3

      One warm spring day he sat looking out over the garden. Mallards were swimming about on the pond, wing to wing, chattering happily to each other. It was a sight which in earlier years would scarcely have caught the prince's eye, but now he felt something like jealousy toward these mindless creatures, each steadfast to its mate.

He had the girls go over a music lesson, and very appealing they were too, as they bent their small figures to the work. The sound of the instruments was enough to bring tears to his eyes. Softly, he recited a verse, brushing away a tear as he did so.

“She has left behind her mate, and these nestlings too.

Why have they lingered in this uncertain world?”

He was an extremely handsome man. Emaciation from years of absti-nence only added to the courtliness of his bearing. He had put on a figured robe for the music lesson. Somewhat rumpled, casually thrown over his shoulders, it seemed to emphasize by its very carelessness the nobility of the wearer.

Oigimi,+ the older girl, quietly took out an inkstone and seemed about to write a few lines on it.

“Come now. You know better than to write on an inkstone.” * He pushed a sheet of paper towards her.

“I know now, as I see it leave the nest,

How uncertain is the lot of the waterfowl.”

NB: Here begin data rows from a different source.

lemma e_closed: "k < n \<Longrightarrow> e k \<in> carrier A"
  using e_bij by (auto simp: bij_betw_def)

lemma idx_less: "a \<in> carrier A \<Longrightarrow> idx a < n"
  unfolding idx_def using e_bij the_inv_into_into[of e "{..<n}" a "{..<n}"]
  by (simp add: bij_betw_def)

lemma e_idx: "a \<in> carrier A \<Longrightarrow> e (idx a) = a"
  unfolding idx_def using e_bij by (auto simp: bij_betw_def intro: f_the_inv_into_f)

lemma idx_e: "k < n \<Longrightarrow> idx (e k) = k"
  unfolding idx_def using e_bij by (simp add: bij_betw_def the_inv_into_f_f)

lemma block_in_unit: "k < n \<Longrightarrow> 0 \<le> t \<Longrightarrow> t < 1 \<Longrightarrow> block k t \<in> {0..<1}"
  unfolding block_def using n_pos by (auto simp: divide_simps)

lemma floor_block:
  assumes "0 \<le> t" "t < 1"
  shows "real n * block k t = real k + t" "\<lfloor>real k + t\<rfloor> = int k"
  using assms n_pos by (simp_all add: block_def floor_eq_iff)

lemma unit_blockE:
  assumes "x \<in> {0..<1}"
  obtains k t where "k < n" "0 \<le> t" "t < 1" "x = block k t"
proof
  have "\<lfloor>real n * x\<rfloor> < int n" using assms n_pos by (simp add: floor_less_iff)
  then show "nat \<lfloor>real n * x\<rfloor> < n" using assms by (simp add: nat_less_iff)
  show "x = block (nat \<lfloor>real n * x\<rfloor>) (frac (real n * x))"
    using assms n_pos by (simp add: block_def frac_def)
qed (simp_all add: frac_lt_1)

lemma block_inj:
  assumes "0 \<le> t" "t < 1" "0 \<le> t'" "t' < 1" "block k t = block k' t'"
  shows "k = k'" "t = t'"
proof -
  have "real k + t = real k' + t'" using floor_block assms by metis
  moreover from this have "k = k'" using floor_block(2) assms by (metis of_nat_eq_iff int_eq_iff)
  ultimately show "k = k'" "t = t'" by simp_all
qed

lemma block_le_iff: "block k t \<le> block k' t' \<longleftrightarrow> real k + t \<le> real k' + t'"
  and block_less_iff: "block k t < block k' t' \<longleftrightarrow> real k + t < real k' + t'"
  using n_pos by (simp_all add: block_def divide_le_cancel divide_less_cancel)

lemma iet_block:
  assumes "k < n" "0 \<le> t" "t < 1"
  shows "iet (f, z) (block k t)
    = block (idx (window_prod f (t + phase z) \<otimes> e k)) (frac (t + phase z))"
proof -
  have "frac (real n * block k t) = t" "nat \<lfloor>real n * block k t\<rfloor> = k"
    using floor_block[OF assms(2,3)] assms by (simp_all add: frac_def)
  then show ?thesis using block_in_unit[OF assms] unfolding iet_def by (simp add: Let_def)
qed

lemma iet_outside: "x \<notin> {0..<1} \<Longrightarrow> iet p x = x"
  unfolding iet_def by (simp only: if_False)

lemma finsupp_closed: "finsupp f \<Longrightarrow> f g \<in> carrier A"
  unfolding finsupp_def by simp

lemma finsupp_mult:
  assumes "finsupp f" "finsupp f'"
  shows "finsupp (\<lambda>g. f g \<otimes> f' g)"
proof -
  have "{g. f g \<otimes> f' g \<noteq> \<one>} \<subseteq> {g. f g \<noteq> \<one>} \<union> {g. f' g \<noteq> \<one>}" by auto
  then show ?thesis using assms unfolding finsupp_def by (auto intro: finite_subset)
qed

lemma supp_shift:
  fixes f :: "(nat \<Rightarrow> int) \<Rightarrow> 'a"
  shows "{g. f (\<lambda>i. g i - z i) \<noteq> \<one>} = (\<lambda>h i. h i + z i) ` {h. f h \<noteq> \<one>}"
proof -
  have "f (\<lambda>i. g i - z i) \<noteq> \<one> \<Longrightarrow> \<exists>h. f h \<noteq> \<one> \<and> g = (\<lambda>i. h i + z i)" for g
    by (rule exI[where x = "\<lambda>i. g i - z i"]) simp
  then show ?thesis by (auto simp: image_iff)
qed

lemma finsupp_shift: "finsupp f \<Longrightarrow> finsupp (\<lambda>g. f (\<lambda>i. g i - z i))"
  unfolding finsupp_def supp_shift by simp

lemma window_prod_closed: "finsupp f \<Longrightarrow> window_prod f s \<in> carrier A"
  unfolding window_prod_def finsupp_def by (intro finprod_closed) auto

lemma window_prod_one: "window_prod (\<lambda>g. \<one>) s = \<one>"
  unfolding window_prod_def by simp

lemma window_prod_add_of_int: "window_prod f (s + of_int m) = window_prod f s"
proof -
  have "frac (s + of_int m - phase g) = frac (s - phase g)" for g
    using frac_add_of_int_right[of "s - phase g" m] by (simp add: algebra_simps)
  then show ?thesis unfolding window_prod_def in_window_def by simp
qed

lemma window_prod_frac: "window_prod f (frac s + c) = window_prod f (s + c)"
  using window_prod_add_of_int[of f "s + c" "- \<lfloor>s\<rfloor>"] by (simp add: frac_def algebra_simps)

lemma window_prod_eq_finprod:
  assumes "finsupp f" "finite S" "{g. f g \<noteq> \<one>} \<subseteq> S"
  shows "window_prod f s = (\<Otimes>g\<in>S. if in_window g s then f g else \<one>)"
  unfolding window_prod_def
  by (rule finprod_mono_neutral_cong_left) (use assms in \<open>auto simp: finsupp_def\<close>)

lemma window_prod_cong:
  assumes "finsupp f" "\<And>g. f g \<noteq> \<one> \<Longrightarrow> in_window g s = in_window g s'"
  shows "window_prod f s = window_prod f s'"
  unfolding window_prod_def by (rule finprod_cong') (use assms in \<open>auto simp: finsupp_def\<close>)

lemma window_prod_mult:
  assumes "finsupp f" "finsupp f'"
  shows "window_prod (\<lambda>g. f g \<otimes> f' g) s = window_prod f s \<otimes> window_prod f' s"
proof -
  define S where "S = {g. f g \<noteq> \<one>} \<union> {g. f' g \<noteq> \<one>}"
  have S: "finite S" "{g. f g \<noteq> \<one>} \<subseteq> S" "{g. f' g \<noteq> \<one>} \<subseteq> S"
    "{g. f g \<otimes> f' g \<noteq> \<one>} \<subseteq> S"
    using assms unfolding S_def finsupp_def by auto
  have "window_prod (\<lambda>g. f g \<otimes> f' g) s = (\<Otimes>g\<in>S. if in_window g s then f g \<otimes> f' g else \<one>)"
    by (rule window_prod_eq_finprod[OF finsupp_mult[OF assms] S(1,4)])
  also have "\<dots> = (\<Otimes>g\<in>S. (if in_window g s then f g else \<one>) \<otimes> (if in_window g s then f' g else \<one>))"
    by (rule finprod_cong') (auto simp: assms finsupp_closed)
  also have "\<dots> = window_prod f s \<otimes> window_prod f' s"
    by (simp add: finprod_multf Pi_iff assms finsupp_closed
        window_prod_eq_finprod[OF assms(1) S(1,2)] window_prod_eq_finprod[OF assms(2) S(1,3)])
  finally show ?thesis .
qed
lemma finite_support_in_span:
  fixes sc :: "'k::field \<Rightarrow> 'v::ab_group_add \<Rightarrow> 'v"
  assumes fd: "finite_dimensional_vector_space sc Bas" and C: "finite C"
  shows "\<exists>W. finite W \<and> {x :: 'g \<Rightarrow> 'v. \<forall>h. h \<notin> C \<longrightarrow> x h = 0}
                          \<subseteq> module.span (pointwise_scale sc) W"
proof -
  interpret V: finite_dimensional_vector_space sc Bas by fact
  interpret VF: vector_space "pointwise_scale sc :: 'k \<Rightarrow> ('g \<Rightarrow> 'v) \<Rightarrow> _"
    by (rule vector_space_pointwise) unfold_locales
  define delta where "delta a v = (\<lambda>h. if h = a then v else (0::'v))" for a :: 'g and v
  define W where "W = (\<lambda>(a, v). delta a v) ` (C \<times> Bas)"
  have "module_hom sc (pointwise_scale sc) (delta a)" for a
    unfolding module_hom_iff using V.module_axioms VF.module_axioms
    by (auto simp: delta_def fun_eq_iff)
  then have delta_in_span: "delta a v \<in> VF.span W" if "a \<in> C" for a v
    using module_hom.span_image[of sc _ "delta a" Bas] V.span_Basis VF.span_mono[of "delta a ` Bas" W] that
    by (fastforce simp: W_def)
  have "x \<in> VF.span W" if x: "\<forall>h. h \<notin> C \<longrightarrow> x h = 0" for x
  proof -
    have sum_eq: "(\<Sum>a\<in>C. delta a (x a)) = x"
    proof
      fix h
      have "(\<Sum>a\<in>C. delta a (x a)) h = (\<Sum>a\<in>C. delta a (x a) h)"
        by (induction C rule: infinite_finite_induct) auto
      also have "\<dots> = x h"
        using x C by (simp add: delta_def sum.delta')
      finally show "(\<Sum>a\<in>C. delta a (x a)) h = x h" .
    qed
    have "(\<Sum>a\<in>C. delta a (x a)) \<in> VF.span W"
      by (rule VF.span_sum) (rule delta_in_span)
    then show ?thesis
      by (simp only: sum_eq)
  qed
  moreover have "finite W"
    using C V.finite_Basis by (simp add: W_def)
  ultimately show ?thesis
    by blast
qed

lemma restr_restr: "A \<subseteq> B \<Longrightarrow> restr A (restr B x) = restr A x"
  by (auto simp: restr_def fun_eq_iff)

lemma restr_images_stabilize:
  fixes sc :: "'k::field \<Rightarrow> 'v::ab_group_add \<Rightarrow> 'v" and X :: "nat \<Rightarrow> ('g \<Rightarrow> 'v) set"
  assumes fd: "finite_dimensional_vector_space sc Bas" and A: "finite A"
    and X: "\<And>r. module.subspace (pointwise_scale sc) (X r)" "decseq X"
  shows "\<exists>R. \<forall>r\<ge>R. restr A ` X r = restr A ` X R"
proof -
  interpret V: finite_dimensional_vector_space sc Bas by fact
  interpret VF: vector_space "pointwise_scale sc :: 'k \<Rightarrow> ('g \<Rightarrow> 'v) \<Rightarrow> _"
    by (rule vector_space_pointwise) unfold_locales
  obtain W where W: "finite W" "{x. \<forall>h. h \<notin> A \<longrightarrow> x h = 0} \<subseteq> VF.span W"
    using finite_support_in_span[OF fd A] by blast
  have hom: "module_hom (pointwise_scale sc) (pointwise_scale sc) (restr A :: ('g \<Rightarrow> 'v) \<Rightarrow> _)"
    using linear_restr[OF V.vector_space_axioms] by (simp add: linear_iff_module_hom)
  show ?thesis
  proof (rule VF.decseq_subspaces_stabilize)
    show "VF.subspace (restr A ` X r)" for r
      by (rule module_hom.subspace_image[OF hom X(1)])
    show "decseq (\<lambda>r. restr A ` X r)"
      using decseqD[OF X(2)] by (intro decseq_SucI image_mono) simp
    show "restr A ` X r \<subseteq> VF.span W" for r
      using W(2) by (auto simp: restr_def)
  qed (fact W(1))
qed

lemma restr_compatible_glue:
  fixes C :: "nat \<Rightarrow> 'g set"
  assumes compat: "\<And>n m. n \<le> m \<Longrightarrow> restr (C n) (zs m) = zs n"
  shows "\<exists>y. \<forall>n. restr (C n) y = zs n"
proof -
  define y where "y h = zs (LEAST n. h \<in> C n) h" for h
  have "restr (C n) y h = zs n h" for n h
  proof (cases "h \<in> C n")
    case True
    define k where "k = (LEAST n. h \<in> C n)"
    have "k \<le> n"
      using True unfolding k_def by (rule Least_le)
    moreover have "h \<in> C k"
      using True unfolding k_def by (rule LeastI)
    ultimately have "zs k h = zs n h"
      using fun_cong[OF compat[of k n], of h] by (simp add: restr_def)
    then show ?thesis
      using True by (simp add: restr_def y_def k_def)
  next
    case False
    then show ?thesis
      using compat[of n n] by (metis restr_def order_refl)
  qed
  then show ?thesis
    by blast
qed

It was not a masterpiece, but in the circumstances it was very touching. The hand showed promise even though the characters were separated one from another in a still childish fashion.

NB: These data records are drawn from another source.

lemma smooth_on_const: "smooth_on S (\<lambda>p. c)"
  using smooth_upto_const smooth_on_iff_smooth_upto by blast

lemma smooth_on_imp_differentiable: "smooth_on S f \<Longrightarrow> p \<in> S \<Longrightarrow> f differentiable (at p)"
  unfolding smooth_on_def using iter_dd.simps(1) by metis

lemma smooth_on_frechet_derivative: "smooth_on S f \<Longrightarrow> smooth_on S (\<lambda>p. frechet_derivative f (at p) h)"
  unfolding smooth_on_iff_smooth_upto using smooth_upto_Suc by blast

lemma smooth_on_bounded_linear: "bounded_linear L \<Longrightarrow> smooth_on S L"
proof -
  assume L: "bounded_linear L"
  have "frechet_derivative L (at p) h = L h" for p h
    using frechet_derivative_eq[OF bounded_linear.has_derivative[OF L has_derivative_ident]] by simp
  then have "smooth_upto n S L" for n
    using L by (cases n) (simp_all add: smooth_upto_0 smooth_upto_Suc bounded_linear_imp_differentiable smooth_upto_const)
  then show ?thesis by (simp add: smooth_on_iff_smooth_upto)
qed

lemma smooth_upto_SucI:
  assumes "open S" "\<And>p. p \<in> S \<Longrightarrow> f differentiable (at p)"
    and "\<And>h q. q \<in> S \<Longrightarrow> frechet_derivative f (at q) h = g h q" and "\<And>h. smooth_upto n S (g h)"
  shows "smooth_upto (Suc n) S f"
  unfolding smooth_upto_Suc
proof (intro conjI allI ballI)
  fix h
  show "smooth_upto n S (\<lambda>p. frechet_derivative f (at p) h)"
    by (rule smooth_upto_cong[OF assms(1) order_refl _ assms(4)]) (use assms(3) in auto)
qed (use assms(2) in auto)

lemma smooth_upto_differentiable: "smooth_upto n S f \<Longrightarrow> p \<in> S \<Longrightarrow> f differentiable (at p)"
  by (cases n) (auto simp: smooth_upto_0 smooth_upto_Suc)

lemma smooth_upto_add:
  assumes "open S"
  shows "smooth_upto n S f \<Longrightarrow> smooth_upto n S g \<Longrightarrow> smooth_upto n S (\<lambda>p. f p + g p)"
proof (induction n arbitrary: f g)
  case 0 then show ?case by (auto simp: smooth_upto_0)
next
  case (Suc n)
  note d = smooth_upto_differentiable[OF Suc.prems(1)] smooth_upto_differentiable[OF Suc.prems(2)]
  show ?case
  proof (rule smooth_upto_SucI[OF assms])
    fix h q assume "q \<in> S"
    then have "((\<lambda>p. f p + g p) has_derivative (\<lambda>h. frechet_derivative f (at q) h + frechet_derivative g (at q) h)) (at q)"
      using d by (intro has_derivative_add) (simp_all add: frechet_derivative_works[symmetric])
    then show "frechet_derivative (\<lambda>p. f p + g p) (at q) h = frechet_derivative f (at q) h + frechet_derivative g (at q) h"
      by (simp add: frechet_derivative_eq)
  next
    show "smooth_upto n S (\<lambda>q. frechet_derivative f (at q) h + frechet_derivative g (at q) h)" for h
      using Suc.IH Suc.prems by (auto simp: smooth_upto_Suc)
  qed (use d in auto)
qed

“And now it is your turn,” he said to Nakanokimi,+ the younger.

More of a child than her sister, she took longer with her verse:

“Unsheltered by the wing of the grieving father,

The nestling would surely have perished in the nest.”

It saddened him to see the princesses, their robes shabby and wrin-kled, no one to take care of them, bored and without hope of relief from boredom—but they were utterly charming on such occasions, each in her own way. He read from the holy text in his hand, sometimes interrupting with a poem. To the older girl he had taught the lute, to the younger the thirteen-stringed koto. When they played duets, of which they were fond, he thought them very satisfactory pupils, if still somewhat immature.